All metal binding experiments were carried out anaerobically at ambient temperature (≈22 °C) using either a Hewlett-Packard Model 8452A Spectrophotometer (for UV-Vis electronic absorption spectra) or at 25 (±0.1) ºC with an ISS PC1 photon counting spectrofluorometer (for fluorescence and luminescence titrations, respectively) essentially as described previously (37, 38). Solution conditions were 10 mM MES, 0.1 M NaCl, pH 6.3 unless otherwise indicated. 10.5 and 11.2 µM wild-type and C31S BxmR monomer, respectively, was used for the UV-Vis absorption experiments, while 10.0 µM BxmR monomer was used for the luminescence experiments (λ_ex=300 nm with the emission spectrum scanned from 500-750 nm). For tyrosine fluorescence measurements, 5.0 μM BxmR monomer in Buffer B (10 mM HEPES, 0.40 M NaCl, pH 7.0) was titrated with 2-5 μL aliquots of either a 400 μM Cu^I stock in Buffer B or mock-titrated with Buffer B (λ_ex=280 nm; λ_em=305 nm). At each ith addition, the emission intensity was recorded and corrected for dilution, photobleaching (from the mock-titrated sample) and the inner filter effect exactly as described previously (21).
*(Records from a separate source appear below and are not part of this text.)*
lemma matrix_vector_mult_smult: "A *v (c *s x) = c *s (A *v x :: 'a::comm_ring_1^'m)"
  by (simp add: vec_eq_iff matrix_vector_mult_def algebra_simps sum_distrib_left)

lemma matrix_vector_mult_axis: "(A *v axis k 1) $ i = A $ i $ k"
  by (simp add: matrix_vector_mult_def axis_def if_distrib cong: if_cong)

lemma matrix_inv_right: "invertible A \<Longrightarrow> A ** matrix_inv A = mat 1"
  unfolding invertible_def matrix_inv_def by (rule someI2_ex) auto

lemma det_unit_row:
  fixes u :: "'a::field^'n"
  assumes "u$k = 1"
  shows "det (\<chi> i. if i = k then u else axis i 1) = 1"
proof -
  let ?I = "mat 1 :: 'a^'n^'n"
  have row_I: "row i ?I = axis i 1" for i
    by (simp add: vec_eq_iff row_def mat_def axis_def)
  define u0 where "u0 = u - axis k 1"
  have "u0 = (\<Sum>j\<in>UNIV. u0$j *s axis j 1)" by (rule basis_expansion[symmetric])
  also have "\<dots> = (\<Sum>j\<in>UNIV - {k}. u0$j *s row j ?I)"
    using assms by (simp add: sum.remove[of UNIV k] u0_def row_I)
  finally have "u0 \<in> vec.span {row j ?I |j. j \<noteq> k}"
    by (metis (mono_tags, lifting) DiffD2 insertI1 mem_Collect_eq vec.span_base vec.span_scale
        vec.span_sum)
  from det_row_span[OF this] show ?thesis
    by (simp add: u0_def row_I cong: if_cong)
qed

lemma matrix_mult_unit_row:
  fixes M :: "'a::comm_ring_1^'n^'m"
  shows "(M ** (\<chi> i. if i = k then u else axis i 1))$p$j
           = (if j = k then M$p$k * u$k else M$p$j + M$p$k * u$j)"
proof -
  have "(M ** (\<chi> i. if i = k then u else axis i 1))$p$j
      = M$p$k * u$j + (\<Sum>q\<in>UNIV-{k}. M$p$q * axis q 1 $ j)"
    unfolding matrix_matrix_mult_def by (simp add: sum.remove[of UNIV k] del: axis_nth)
  also have "(\<Sum>q\<in>UNIV-{k}. M$p$q * axis q 1 $ j) = (\<Sum>q\<in>UNIV-{k}. if q = j then M$p$q else 0)"
    by (rule sum.cong) (simp_all add: axis_def)
  finally show ?thesis by simp
qed

lemma transpose_unit_row_mult:
  fixes M :: "'a::comm_ring_1^'n^'m"
  shows "(transpose (\<chi> i. if i = k then u else axis i 1) ** M)$i$j
           = (if i = k then u$k * M$k$j else M$i$j + u$i * M$k$j)"
proof -
  have "(transpose (\<chi> i. if i = k then u else axis i 1) ** M)$i$j
      = u$i * M$k$j + (\<Sum>q\<in>UNIV-{k}. axis q 1 $ i * M$q$j)"
    unfolding matrix_matrix_mult_def
    by (simp add: sum.remove[of UNIV k] transpose_def del: axis_nth)
  also have "(\<Sum>q\<in>UNIV-{k}. axis q 1 $ i * M$q$j) = (\<Sum>q\<in>UNIV-{k}. if q = i then M$q$j else 0)"
    by (rule sum.cong) (simp_all add: axis_def)
  finally show ?thesis by simp
qed

lemma det_eliminate_pivot:
  fixes A :: "'a::field^'n^'n"
  assumes d: "A$k$k \<noteq> 0"
  shows "det A = A$k$k * det (\<chi> i j. if i = k \<or> j = k then (if i = j then 1 else 0)
                                     else A$i$j - A$i$k * A$k$j / A$k$k)"
    (is "_ = _ * det ?B")
proof -
  let ?d = "A$k$k" and ?R = "\<lambda>u. \<chi> i. if i = k then u else axis i 1"
  define c where "c = (\<chi> i. A$i$k / ?d)"
  define r where "r = (\<chi> j. A$k$j / ?d)"
  define D where "D = (\<chi> i j. if i = k \<and> j = k then ?d else ?B$i$j)"
  have "A = transpose (?R c) ** (D ** ?R r)"
    using d by (auto simp: vec_eq_iff matrix_mult_unit_row transpose_unit_row_mult c_def r_def D_def)
  moreover have "det (?R c) = 1" "det (?R r) = 1"
    using d by (simp_all add: det_unit_row c_def r_def)
  moreover have "D = (\<chi> i. if i = k then ?d *s row i ?B else row i ?B)"
    by (auto simp: vec_eq_iff D_def row_def)
  then have "det D = ?d * det ?B"
    using det_row_mul[of k ?d "\<lambda>i. row i ?B" "\<lambda>i. row i ?B"] by (simp add: row_def)
  ultimately show ?thesis by (simp add: det_mul)
qed

section \<open>Hermitian forms\<close>

definition cinner :: "complex^'n \<Rightarrow> complex^'n \<Rightarrow> complex" where
  "cinner x y = (\<Sum>i\<in>UNIV. cnj (x$i) * y$i)"

definition qform :: "complex^'n^'n \<Rightarrow> complex^'n \<Rightarrow> real" where
  "qform A x = Re (cinner x (A *v x))"

lemma pos_def_iff_qform: "pos_def A \<longleftrightarrow> hermitian A \<and> (\<forall>x. x \<noteq> 0 \<longrightarrow> 0 < qform A x)"
  by (simp add: pos_def_def qform_def cinner_def)

lemma cinner_cadj: "cinner x (cadj A *v y) = cinner (A *v x) y"
proof -
  have "cinner x (cadj A *v y) = (\<Sum>i\<in>UNIV. \<Sum>j\<in>UNIV. cnj (x$i) * (cnj (A$j$i) * y$j))"
    unfolding cinner_def matrix_vector_mult_def by (simp add: sum_distrib_left)
  also have "\<dots> = (\<Sum>j\<in>UNIV. \<Sum>i\<in>UNIV. cnj (A$j$i * x$i) * y$j)"
    by (subst sum.swap) (simp add: mult_ac)
  also have "\<dots> = cinner (A *v x) y"
    unfolding cinner_def matrix_vector_mult_def by (simp add: sum_distrib_right)
  finally show ?thesis .
qed

lemma cinner_axis_left: "cinner (axis k 1) z = z $ k"
proof -
  have "cinner (axis k 1) z = (\<Sum>i\<in>UNIV. if i = k then z$i else 0)"
    unfolding cinner_def axis_def by (rule sum.cong) auto
  then show ?thesis by simp
qed

lemma cinner_diff_left: "cinner (x - y) z = cinner x z - cinner y z"
  by (simp add: cinner_def algebra_simps sum_subtractf)

lemma cinner_scale_left: "cinner (c *s x) z = cnj c * cinner x z"
  by (simp add: cinner_def algebra_simps sum_distrib_left)

lemma cinner_scale_right: "cinner x (c *s z) = c * cinner x z"
  by (simp add: cinner_def algebra_simps sum_distrib_left)

lemma cinner_self: "cinner x x = complex_of_real (\<Sum>i\<in>UNIV. (cmod (x$i))\<^sup>2)"
  unfolding cinner_def of_real_sum
  by (rule sum.cong) (simp_all only: complex_norm_square mult.commute)

lemma cinner_self_pos: "x \<noteq> 0 \<Longrightarrow> 0 < Re (cinner x x)"
proof -
  assume "x \<noteq> 0"
  then obtain i where "x $ i \<noteq> 0" by (metis vec_eq_iff zero_index)
  then have "0 < (\<Sum>j\<in>UNIV. (cmod (x$j))\<^sup>2)"
    by (intro sum_pos2[of UNIV i]) auto
  then show ?thesis by (simp add: cinner_self)
qed

lemma qform_add: "qform (A + B) x = qform A x + qform B x"
  by (simp add: qform_def cinner_def algebra_simps sum.distrib)

lemma qform_scaleR: "qform (c *\<^sub>R A) x = c * qform A x"
  by (simp add: qform_def matrix_vector_mult_scaleR_complex cinner_scale_right)

lemma qform_mat_1: "qform (mat 1) x = Re (cinner x x)"
  by (simp add: qform_def)

lemma qform_congruence: "qform (cadj L ** A ** L) x = qform A (L *v x)"
  by (simp add: qform_def cinner_cadj matrix_vector_mul_assoc[symmetric])

lemma qform_gram_nonneg: "0 \<le> qform (K ** cadj K) x"
  using qform_congruence[of "cadj K" "mat 1" x] by (simp add: qform_mat_1 cinner_self sum_nonneg)

lemma qform_le_add_gram:
  assumes "E = E0 + K ** cadj K + c *\<^sub>R W" and "0 \<le> c" and "\<And>x. 0 \<le> qform W x"
  shows "qform E0 x \<le> qform E x"
  using assms(2) assms(3)[of x] qform_gram_nonneg[of K x] by (simp add: assms(1) qform_add qform_scaleR)

lemma trace_eq_sum_qform: "Re (trace A) = (\<Sum>i\<in>UNIV. qform A (axis i 1))"
  by (simp add: trace_def qform_def cinner_axis_left matrix_vector_mult_axis)

lemma pos_def_congruence:
  fixes A L :: "complex^'n^'n"
  assumes A: "pos_def A" and L: "det L \<noteq> 0"
  shows "pos_def (cadj L ** A ** L)"
  unfolding pos_def_iff_qform
proof (intro conjI allI impI)
  show "hermitian (cadj L ** A ** L)"
    using A by (simp add: hermitian_def pos_def_def cadj_matrix_mult matrix_mul_assoc)
  fix x :: "complex^'n" assume "x \<noteq> 0"
  moreover have "\<exists>B. B ** L = mat 1"
    using L invertible_det_nz invertible_left_inverse by blast
  ultimately have "L *v x \<noteq> 0" using matrix_left_invertible_ker by blast
  then show "0 < qform (cadj L ** A ** L) x"
    using A by (simp add: qform_congruence pos_def_iff_qform)
qed

lemma pos_def_scaleR: "pos_def A \<Longrightarrow> 0 < c \<Longrightarrow> pos_def (c *\<^sub>R A)"
  by (simp add: pos_def_iff_qform hermitian_def cadj_scaleR qform_scaleR)

lemma pos_def_id_plus:
  fixes Q :: "complex^'n^'n"
  assumes "hermitian Q" and "\<And>x. 0 \<le> qform Q x" and "0 \<le> c"
  shows "pos_def (mat 1 + c *\<^sub>R Q)"
  unfolding pos_def_iff_qform
proof (intro conjI allI impI)
  show "hermitian (mat 1 + c *\<^sub>R Q)"
    using assms(1) by (simp add: hermitian_def cadj_add cadj_scaleR)
  fix x :: "complex^'n" assume "x \<noteq> 0"
  then show "0 < qform (mat 1 + c *\<^sub>R Q) x"
    using cinner_self_pos[of x] assms(2)[of x] assms(3)
    by (simp add: qform_add qform_scaleR qform_mat_1 add_pos_nonneg)
qed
Other Metal Binding Experiments

Zn^II binding stoichiometries and affinities of wild-type, α3NΔ and α5Δ BxmRs were determined using chelator competition assays with either mag-fura-2¹(K_Zn=5.0 × 10⁷ M⁻¹ at pH 7.0) (39) or quin-2¹ (K_Zn=2.7 × 10¹¹ M⁻¹ at pH 7.0, 25 ºC) (40) using absorption spectroscopy essentially as described (23, 41). These data were fit using a competitive binding model with DynaFit (42) to determine step-wise zinc binding affinities, K_Zni. For mag-fura-2 experiments, 25 µM BxmR dimer (12.5 µM monomer) was mixed with 16.0 µM mag-fura-2 and titrated with a known stock solution of Zn^II; for quin-2 experiments, 20 µM BxmR dimer was mixed with 15 µM quin-2 and titrated with Zn^II (see Table 1). Co^II and Cd^II binding experiments were carried out essentially as described previously (30, 43) with the solution conditions given in the figure legends. The metal concentrations of all metal titrants used in individual experiments was quantified by atomic absorption spectroscopy as described (8).

Table 1.

Step-wise zinc binding affinities, K_Zni, derived from mag-fura-2 and quin-2 chelator competition experiments^a

BxmR protein	chelator	KZn1 (M−1)	KZn2 (M−1)	KZn3 (M−1)	KZn4 (M−1)
wild-type	mag-fura-2	≥109 a	≥109	2.2 × 107	n.d.b
	quin-2	9.4 × 1012	1.1 × 1012	n.d.c	n.d.c
α3NΔ	mag-fura-2	≥109 a	6.0 × 107	–	–
	quin-2	6.4 × 1012	n.d.c	–	–
α5Δ	mag-fura-2	≥109 a	3.0 × 106	–	–
	quin-2	4.6 × 1010	n.d.c	–	–

^aFrom nonlinear least-squares fits to data like those shown in Fig. 2 to a model assuming four (wild-type) or two (α3NΔ and α5Δ) stepwise binding events to a nondissociable dimer, each characterized by an affinity of K_Zni.

^bn.d., binding not detected, or K_Zni≤10⁵ M⁻¹ (a lower limit for mag-fura-2).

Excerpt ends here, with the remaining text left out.